Formally proving that in coq is a bit harder. First we need to define strong normalisation. Here we use the insight that if we define \(x \preceq y\) by \(y \rightarrow x\), we create a new relationship such that \(\rightarrow\) is strongly normalizing if and only if \(\preceq\) is well-founded. So we can just use the well founded module in Coq to get our definition :

Definition Inv (T : Type) (R : T -> T -> Prop) : T -> T -> Prop
    := fun (x y : T) => R y x.

Definition strongly_normalizing (T : Type) (R : T -> T -> Prop) : Prop
    := well_founded (Inv T R).

The proof is then trying to formalize the previous intuition. That is to say we first prove that if we have a relation preserving mapping from one relation to the other, and that the second one is well founded, then the first relation is well founded. Then we prove that length is a relation preserving mapping to the natural with usual order. The fact that they are well founded is proved in the Coq standard library, so we use that to conclude.

Definition monotome_morphism (T T' : Type) (R : T -> T -> Prop)
        (R' : T' -> T' -> Prop) (f : T -> T') : Prop :=
    forall (x y : T), R x y -> R' (f x) (f y).
 
Theorem preimage_well_founded (T T' : Type) (R : T -> T -> Prop)
        (R' : T' -> T' -> Prop) (f : T -> T') :
    monotome_morphism T T' R R' f -> well_founded R' -> well_founded R.
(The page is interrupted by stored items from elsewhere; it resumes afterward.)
(* Consider the diffeomorphisms of $\mathbb{B}$ induced, via the identification $\Phi$, by left translations $L_A(X)=AX$ or right translations $R_A(X)=XA$ of $\mathrm{Sp}(1,1)$ ($A\in\mathrm{Sp}(1,1)$) that commute with the left $\mathrm{Sp}(1)\times\{1\}$-action and the right $\mathrm{Sp}(1)I_2$-action on $\mathrm{Sp}(1,1)$ (and hence descend to $\mathbb{B}$). These diffeomorphisms are given by (i.e., generate the same group of transformations of $\mathbb{B}$ as) the following actions on $\mathbb{B}$: (1) the left action of $\{\pm1\}\times\mathrm{Sp}(1)=\{\operatorname{diag}(\epsilon,u):\epsilon=\pm1,\ u\in\mathrm{Sp}(1)\}$ given by $\operatorname{diag}(\epsilon,u)\cdot q=\epsilon uq\overline{u}$; (2) the right action of $\mathrm{SO}_0(1,1)$ by classical Möbius transformations, $q\cdot H(t)=F_{H(t)}(q)=(1+\tanh(t)q)^{-1}(q+\tanh(t))$.
   Context: $\mathbb{H}$ denotes the quaternions, $\mathbb{B}=\{q\in\mathbb{H}:|q|<1\}$, $\mathrm{Sp}(1)=\{u\in\mathbb{H}:|u|=1\}$. Let $I_{1,1}=\operatorname{diag}(1,-1)$ and $\mathrm{Sp}(1,1)=\{A\in M_2(\mathbb{H}):A^*I_{1,1}A=I_{1,1}\}$. For $A=\begin{pmatrix}a&c\\ b&d\end{pmatrix}\in\mathrm{Sp}(1,1)$ the classical Möbius transformation is $F_A(q)=(qc+d)^{-1}(qa+b)$. For $t\in\mathbb{R}$, $H(t)=\begin{pmatrix}\cosh t&\sinh t\\ \sinh t&\cosh t\end{pmatrix}$ and $\mathrm{SO}_0(1,1)=\{H(t):t\in\mathbb{R}\}$. Slice regular functions and regular Möbius transformations: the slice regular functions on $\mathbb{B}$ are exactly the functions $f(q)=\sum_{n\ge0}q^na_n$ ($a_n\in\mathbb{H}$) with the series converging on $\mathbb{B}$. The $*$-product is $(\sum q^na_n)*(\sum q^nb_n)=\sum_n q^n\sum_{k=0}^n a_kb_{n-k}$; $f^c(q)=\sum q^n\overline{a_n}$, $f^s=f*f^c$, $f^{-*}=(f^s)^{-1}f^c$ (pointwise, off the zero set of $f^s$). For $a,b\in\mathbb{H}$ let $\ell_{a,b}(q)=qa+b$. For $A=\begin{pmatrix}a&c\\ b&d\end{pmatrix}\in\mathrm{Sp}(1,1)$, the regular Möbius transformation is $\mathcal{F}_A=\ell_{c,d}^{-*}*\ell_{a,b}$, a diffeomorphism of $\mathbb{B}$ onto $\mathbb{B}$. Identification $\Phi$: $\mathrm{Sp}(1)\times\{1\}=\{\operatorname{diag}(u,1)\}$ acts on $\mathrm{Sp}(1,1)$ by left multiplication and $\mathrm{Sp}(1)I_2=\{uI_2\}$ by right multiplication. It is known that $\Phi:(\mathrm{Sp}(1)\times\{1\})\backslash\mathrm{Sp}(1,1)/\mathrm{Sp}(1)I_2\to\mathbb{B}$, $[A]\mapsto(\mathcal{F}_{A^{-1}})^{-1}(0)$, is a well-defined diffeomorphism. A diffeomorphism $\widetilde f$ of $\mathrm{Sp}(1,1)$ commuting with both actions induces the diffeomorphism $f$ of $\mathbb{B}$ with $f(\Phi([X]))=\Phi([\widetilde f(X)])$. *)

theory Defs imports "HOL-Analysis.Analysis" "HOL-Library.FuncSet" begin
(* Let $n,x$ be integers with $1<x<n$, so that $G=C_{2n}(x,1,n)$ is a $5$-regular circulant graph. If $n\equiv x\equiv 0 \pmod 3$ and $x>\tfrac{2n}{3}$, then $G$ is word-representable.
   Context: Two distinct letters $x,y$ alternate in a word $w$ if, after deleting all other letters from $w$, the resulting word is of the form $xyxy\cdots$ or $yxyx\cdots$ (of even or odd length). A graph $G=(V,E)$ is word-representable if there is a word $w$ over the alphabet $V$, containing every letter of $V$ at least once, such that for all distinct $x,y\in V$, $xy\in E$ if and only if $x$ and $y$ alternate in $w$. For an integer $m$ and a set $R$ of positive integers each at most $m/2$, the circulant graph $C_m(R)$ has vertex set $\{0,1,\dots,m-1\}$, with $i$ and $j$ adjacent iff $\min(|i-j|,\,m-|i-j|)\in R$. $C_{2n}(x,1,n)$ denotes the circulant graph on $2n$ vertices with jump set $\{1,x,n\}$; it is $5$-regular exactly when $1<x<n$. *)

theory Defs
  imports Main
begin

definition alternate :: "'a list \<Rightarrow> 'a \<Rightarrow> 'a \<Rightarrow> bool" where
  "alternate w x y \<longleftrightarrow>
     (let u = filter (\<lambda>z. z = x \<or> z = y) w in
        \<forall>i. Suc i < length u \<longrightarrow> u ! i \<noteq> u ! Suc i)"

definition word_representable :: "'a set \<Rightarrow> ('a \<Rightarrow> 'a \<Rightarrow> bool) \<Rightarrow> bool" where
  "word_representable V E \<longleftrightarrow>
     (\<exists>w. set w = V \<and>
        (\<forall>x\<in>V. \<forall>y\<in>V. x \<noteq> y \<longrightarrow> (E x y \<longleftrightarrow> alternate w x y)))"

definition circ_vertices :: "nat \<Rightarrow> nat set" where
  "circ_vertices m = {0..<m}"

definition circ_adj :: "nat \<Rightarrow> nat set \<Rightarrow> nat \<Rightarrow> nat \<Rightarrow> bool" where
  "circ_adj m R i j \<longleftrightarrow> i < m \<and> j < m \<and> i \<noteq> j \<and>
     (let d = (if i \<le> j then j - i else i - j) in min d (m - d) \<in> R)"

end

theory Submission
  imports Defs
begin

(* Put L = 2n/3, so that 3L = 2n. Cutting the cycle into three arcs of length L and colouring
   vertex i by (i + (i div L)) mod 3 gives a proper 3-colouring: a jump of 1 advances the arc
   index by 0 or 1, a jump e in {x, n} satisfies L < e < 2L and 3 dvd e and so advances it by
   1 or 2, hence the colour changes in both cases, and wrapping around the cycle adds 3L to a
   vertex, which leaves its colour unchanged.

   Every 3-colourable graph is word-representable. Concatenate, for the vertices t taken in
   order of (colour, index), a permutation of all vertices in which t occurs twice, its two
   copies enclosing exactly its neighbours. For a non-edge yz the block of y contains yy; for
   an edge yz, with y of smaller colour, the restriction of the word to y and z is
   (yz)^a yzy (zy)^b zyz (yz)^c. *)

lemma alternate_iff_successively:
  "alternate w x y \<longleftrightarrow> successively (\<noteq>) (filter (\<lambda>z. z = x \<or> z = y) w)"
  unfolding alternate_def Let_def successively_conv_nth by simp
text \<open>\<open>f - \<alpha> g\<close> is \<open>f\<close> minus its projection onto \<open>g\<close>, which has unit norm and
  covariance \<open>\<alpha>\<close> with \<open>f\<close>, so its variance is \<open>sf2 - \<alpha>\<^sup>2\<close>.\<close>

lemma integral_square_deviation_f_minus_g:
  "Z.expectation (\<lambda>z. (f z - \<alpha> * g z - c) ^ 2) = sf2 - \<alpha> ^ 2 + (\<mu> - c) ^ 2"
proof -
  have f1: "integrable Z f"
    by (rule Z.square_integrable_imp_integrable[OF _ square_integrable_f]) simp
  have u1: "has_bochner_integral Z (\<lambda>z. f z - \<mu>) 0"
    using f1 by (simp add: has_bochner_integral_iff expectation_f Z.prob_space)
  have u2: "has_bochner_integral Z (\<lambda>z. (f z - \<mu>) ^ 2) sf2"
    using square_integrable_f variance_f
    by (simp add: has_bochner_integral_iff Z.square_integrable_diff_const_iff expectation_f)
  have ug: "has_bochner_integral Z (\<lambda>z. (f z - \<mu>) * g z) \<alpha>"
    using integrable_covariance covariance by (simp add: has_bochner_integral_iff)
  have g1: "has_bochner_integral Z g 0"
    using valid expectation_g by (simp add: has_bochner_integral_iff valid_dist_def)
  have g2: "has_bochner_integral Z (\<lambda>z. g z ^ 2) 1"
    using square_integrable_g expectation_g_squared by (simp add: has_bochner_integral_iff)
  have "has_bochner_integral Z
      (\<lambda>z. (f z - \<mu>) ^ 2 - 2 * \<alpha> * ((f z - \<mu>) * g z) + \<alpha> ^ 2 * g z ^ 2
         + 2 * (\<mu> - c) * (f z - \<mu>) - 2 * \<alpha> * (\<mu> - c) * g z + (\<mu> - c) ^ 2)
      (sf2 - 2 * \<alpha> * \<alpha> + \<alpha> ^ 2 * 1 + 2 * (\<mu> - c) * 0 - 2 * \<alpha> * (\<mu> - c) * 0 + (\<mu> - c) ^ 2)"
    using Z.integrable_const[of "(\<mu> - c) ^ 2"]
    by (intro has_bochner_integral_add has_bochner_integral_diff has_bochner_integral_mult_right
          u1 u2 ug g1 g2) (simp_all add: has_bochner_integral_iff Z.prob_space)
  moreover have "(f z - \<alpha> * g z - c) ^ 2 = (f z - \<mu>) ^ 2 - 2 * \<alpha> * ((f z - \<mu>) * g z) + \<alpha> ^ 2 * g z ^ 2
     + 2 * (\<mu> - c) * (f z - \<mu>) - 2 * \<alpha> * (\<mu> - c) * g z + (\<mu> - c) ^ 2" for z
    by (simp add: power2_eq_square algebra_simps)
  ultimately show ?thesis
    by (simp add: has_bochner_integral_iff power2_eq_square)
qed

lemma square_deviation_f_minus_g_nonneg: "0 \<le> sf2 - \<alpha> ^ 2 + (\<mu> - c) ^ 2"
  using integral_square_deviation_f_minus_g[of c] integral_nonneg_AE[of "\<lambda>z. (f z - \<alpha> * g z - c) ^ 2" Z]
  by simp

text \<open>Conditioning on \<open>z\<close> splits the squared deviation of the residual \<open>y - \<alpha> g z\<close>
  into the judgment noise, of mean \<open>sa2\<close>, and the squared deviation of \<open>f - \<alpha> g\<close>.\<close>

lemma nn_integral_square_deviation_residual:
  "(\<integral>\<^sup>+x. ennreal ((snd x - \<alpha> * g (fst x) - c) ^ 2) \<partial>joint_law D)
     = ennreal (sa2 + (sf2 - \<alpha> ^ 2) + (\<mu> - c) ^ 2)"
proof -
  have "integrable Z (\<lambda>z. (f z - \<alpha> * g z - c) ^ 2)"
  proof -
    have "integrable Z (\<lambda>z. (f z + (- \<alpha>) * g z) ^ 2)"
      by (intro square_integrable_add)
         (auto simp: square_integrable_f square_integrable_g power_mult_distrib)
    then show ?thesis
      by (simp add: Z.square_integrable_diff_const_iff)
  qed
  then have "(\<integral>\<^sup>+z. ennreal ((f z - \<alpha> * g z - c) ^ 2) \<partial>Z) = ennreal (sf2 - \<alpha> ^ 2 + (\<mu> - c) ^ 2)"
    using integral_square_deviation_f_minus_g by (subst nn_integral_eq_integral) auto
  moreover have "(\<integral>\<^sup>+x. ennreal ((snd x - \<alpha> * g (fst x) - c) ^ 2) \<partial>joint_law D)
      = (\<integral>\<^sup>+z. ennvar (K z) (\<lambda>y. y) + ennreal ((f z - \<alpha> * g z - c) ^ 2) \<partial>Z)"
    by (subst nn_integral_joint_law)
       (auto intro!: nn_integral_cong simp: diff_diff_eq nn_integral_square_deviation_K)
  ultimately show ?thesis
    using square_deviation_f_minus_g_nonneg sa2_nonneg by (simp add: nn_integral_add nn_integral_ennvar_K ennreal_plus add.assoc)
qed

lemma mean_variance_residual:
  defines "P \<equiv> \<lambda>x. snd x - \<alpha> * g (fst x)"
  shows "P \<in> borel_measurable (joint_law D)"
    and "integrable (joint_law D) (\<lambda>x. P x ^ 2)"
    and "prob_space.expectation (joint_law D) P = \<mu>"
    and "prob_space.variance (joint_law D) P = sa2 + (sf2 - \<alpha> ^ 2)"
proof -
  interpret J: prob_space "joint_law D"
    by (rule prob_space_joint_law)
  show [measurable]: "P \<in> borel_measurable (joint_law D)"
    unfolding P_def measurable_cong_sets[OF sets_joint_law refl] by measurable
  have deviation: "has_bochner_integral (joint_law D) (\<lambda>x. (P x - c) ^ 2) (sa2 + (sf2 - \<alpha> ^ 2) + (\<mu> - c) ^ 2)" for c
    using nn_integral_square_deviation_residual[of c] sa2_nonneg square_deviation_f_minus_g_nonneg[of c]
    by (intro has_bochner_integral_nn_integral) (auto simp: P_def)
  show P2: "integrable (joint_law D) (\<lambda>x. P x ^ 2)"
    using deviation[of 0] by (simp add: has_bochner_integral_iff)
  show "J.expectation P = \<mu>" and "J.variance P = sa2 + (sf2 - \<alpha> ^ 2)"
    using J.expectation_variance_from_square_deviations[OF _ P2] deviation
    by (auto simp: has_bochner_integral_iff)
qed

lemma ennvar_cv_est:
  assumes "n \<ge> 1"
  shows "ennvar (sample_space n D) (cv_est n \<alpha> D) = ennreal ((sa2 + (sf2 - \<alpha> ^ 2)) / real n)"
proof -
  interpret J: prob_space "joint_law D"
    by (rule prob_space_joint_law)
  have "cv_est n \<alpha> D = (\<lambda>\<omega>. (\<Sum>i<n. (\<lambda>x. snd x - \<alpha> * g (fst x)) (\<omega> i)) / real n)"
    by (simp add: cv_est_def fun_eq_iff)
  then show ?thesis
    using J.ennvar_sample_mean[OF mean_variance_residual(1,2) assms] mean_variance_residual(4)
    by (simp add: sample_space_def)
qed

end

section \<open>A Gaussian subfamily of the class\<close>

definition gaussian :: "real \<Rightarrow> real measure" where
  "gaussian a = density lborel (normal_density a 1)"

lemma prob_space_gaussian: "prob_space (gaussian a)"
  unfolding gaussian_def by (rule prob_space_normal_density) simp

lemma sets_gaussian [measurable_cong, simp]: "sets (gaussian a) = sets borel"
  and space_gaussian [simp]: "space (gaussian a) = UNIV"
  by (simp_all add: gaussian_def)

lemma sigma_finite_gaussian: "sigma_finite_measure (gaussian a)"
  by (rule prob_space_imp_sigma_finite[OF prob_space_gaussian])

lemma has_bochner_integral_gaussian_moment:
  "has_bochner_integral (gaussian a) (\<lambda>x. x - a) 0"
  "has_bochner_integral (gaussian a) (\<lambda>x. (x - a) ^ 2) 1"
  using integrable_normal_moment[of 1 a 1] integral_normal_moment_odd[where \<mu>=a and \<sigma>=1 and k=0]
    integrable_normal_moment[of 1 a 2] integral_normal_moment_even[of 1 a 1]
  by (simp_all add: gaussian_def has_bochner_integral_iff integrable_density integral_density)

lemma gaussian_eq_density: "gaussian a = density (gaussian 0) (\<lambda>x. exp (a * x - a ^ 2 / 2))"
proof -
  have "normal_density a 1 x = normal_density 0 1 x * exp (a * x - a ^ 2 / 2)" for x
    by (simp add: normal_density_def power2_eq_square field_simps flip: exp_add)
  then show ?thesis
    unfolding gaussian_def by (subst density_density_eq) (auto simp flip: ennreal_mult)
qed

definition rademacher :: "bool measure" where
  "rademacher = measure_pmf (bernoulli_pmf (1 / 2))"

definition bool_sign :: "bool \<Rightarrow> real" where
  "bool_sign s = (if s then 1 else -1)"

lemma prob_space_rademacher: "prob_space rademacher"
  unfolding rademacher_def by (rule prob_space_measure_pmf)

lemma sets_rademacher [simp, measurable_cong]: "sets rademacher = UNIV"
  and space_rademacher [simp]: "space rademacher = UNIV"
  by (simp_all add: rademacher_def)

lemma has_bochner_integral_rademacher_sign: "has_bochner_integral rademacher bool_sign 0"
  unfolding rademacher_def
  by (simp add: has_bochner_integral_iff bool_sign_def integrable_measure_pmf_finite)

lemma bool_sign_squared [simp]: "bool_sign s ^ 2 = 1"
  by (simp add: bool_sign_def)

text \<open>A sign \<open>s\<close> and a real \<open>w\<close> are stored injectively in the single real input
  \<open>z = \<plusminus>exp w\<close>, since the class in the lower bound ranges over real inputs.\<close>

definition encode :: "bool \<times> real \<Rightarrow> real" where
  "encode x = (if fst x then exp (snd x) else - exp (snd x))"

definition sign_part :: "real \<Rightarrow> real" where
  "sign_part z = (if 0 < z then 1 else -1)"

definition log_part :: "real \<Rightarrow> real" where
  "log_part z = ln \<bar>z\<bar>"

lemma sign_part_encode [simp]: "sign_part (encode x) = bool_sign (fst x)"
  and log_part_encode [simp]: "log_part (encode x) = snd x"
  by (simp_all add: sign_part_def log_part_def encode_def bool_sign_def)

lemma measurable_sign_part [measurable]: "sign_part \<in> borel_measurable borel"
  and measurable_log_part [measurable]: "log_part \<in> borel_measurable borel"
  unfolding sign_part_def log_part_def by measurable

lemma measurable_encode [measurable]: "encode \<in> measurable (count_space UNIV \<Otimes>\<^sub>M borel) borel"
proof (rule measurable_pair_measure_countable1)
  show "(\<lambda>y. encode (x, y)) \<in> borel_measurable borel" for x
    by (cases x) (simp_all add: encode_def)
qed simp

definition latent_law :: "real \<Rightarrow> (bool \<times> real) measure" where
  "latent_law a = rademacher \<Otimes>\<^sub>M gaussian a"

definition input_law :: "real \<Rightarrow> real measure" where
  "input_law a = distr (latent_law a) borel encode"

lemma prob_space_latent_law: "prob_space (latent_law a)"
  unfolding latent_law_def by (intro prob_space_pair prob_space_rademacher prob_space_gaussian)

lemma sets_latent_law [measurable_cong]: "sets (latent_law a) = sets (count_space UNIV \<Otimes>\<^sub>M borel)"
  and space_latent_law [simp]: "space (latent_law a) = UNIV"
  unfolding latent_law_def by (auto intro!: sets_pair_measure_cong simp: space_pair_measure)

lemma prob_space_input_law: "prob_space (input_law a)"
  unfolding input_law_def by (intro prob_space.prob_space_distr prob_space_latent_law) simp

lemma sets_input_law [measurable_cong, simp]: "sets (input_law a) = sets borel"
  and space_input_law [simp]: "space (input_law a) = UNIV"
  by (simp_all add: input_law_def)

lemma has_bochner_integral_input_law:
  fixes F :: "real \<Rightarrow> real" and G :: "bool \<times> real \<Rightarrow> real"
  assumes [measurable]: "F \<in> borel_measurable borel"
    and "has_bochner_integral (latent_law a) G x" and "\<And>y. F (encode y) = G y"
  shows "has_bochner_integral (input_law a) F x"
  using assms(2,3) unfolding input_law_def has_bochner_integral_iff
  by (simp add: integrable_distr_eq integral_distr)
Lemma monoidLength_monotone (T : Type) :
    monotome_morphism (FreeMonT (WithInv T)) nat
                      (Inv (FreeMonT (WithInv T)) (Reduction T)) lt
                      (monoidLength (WithInv T)).

Theorem reduction_normalizing (T : Type) :
    strongly_normalizing (FreeMonT (WithInv T)) (Reduction T).

Confluence

Confluence is a sort of weakened determinism. It’s the idea that despite the fact that the reduction is not deterministic, if two terms come from the same original terms, we can reduce them further to reach a common reduction.

Our reduction system has an even stronger property, that is strong confluence. It means that if we have three terms \(\omega\), \(\omega_1\) and \(\omega_2\) such that \(\omega\rightarrow\omega_1\) and \(\omega\rightarrow\omega_2\), then either \(\omega_1 = \omega_2\) or there exists \(\omega'\) such that \(\omega_1\rightarrow\omega'\) and \(\omega_2\rightarrow\omega'\).

This property is actually captured by the following definition (the definition is actually a bit less strong because that’s the official definition, but in out specific case the two cases where \(\omega_1\rightarrow\omega_2\) or vice-versa never happen) :

Definition strongly_confluent (T : Type) (R : T -> T -> Prop) : Prop
     := forall (a b c : T), R a b -> R a c
          -> (b = c) \/ (R b c) \/ (R c b) \/ (exists (d : T), R b d /\ R c d).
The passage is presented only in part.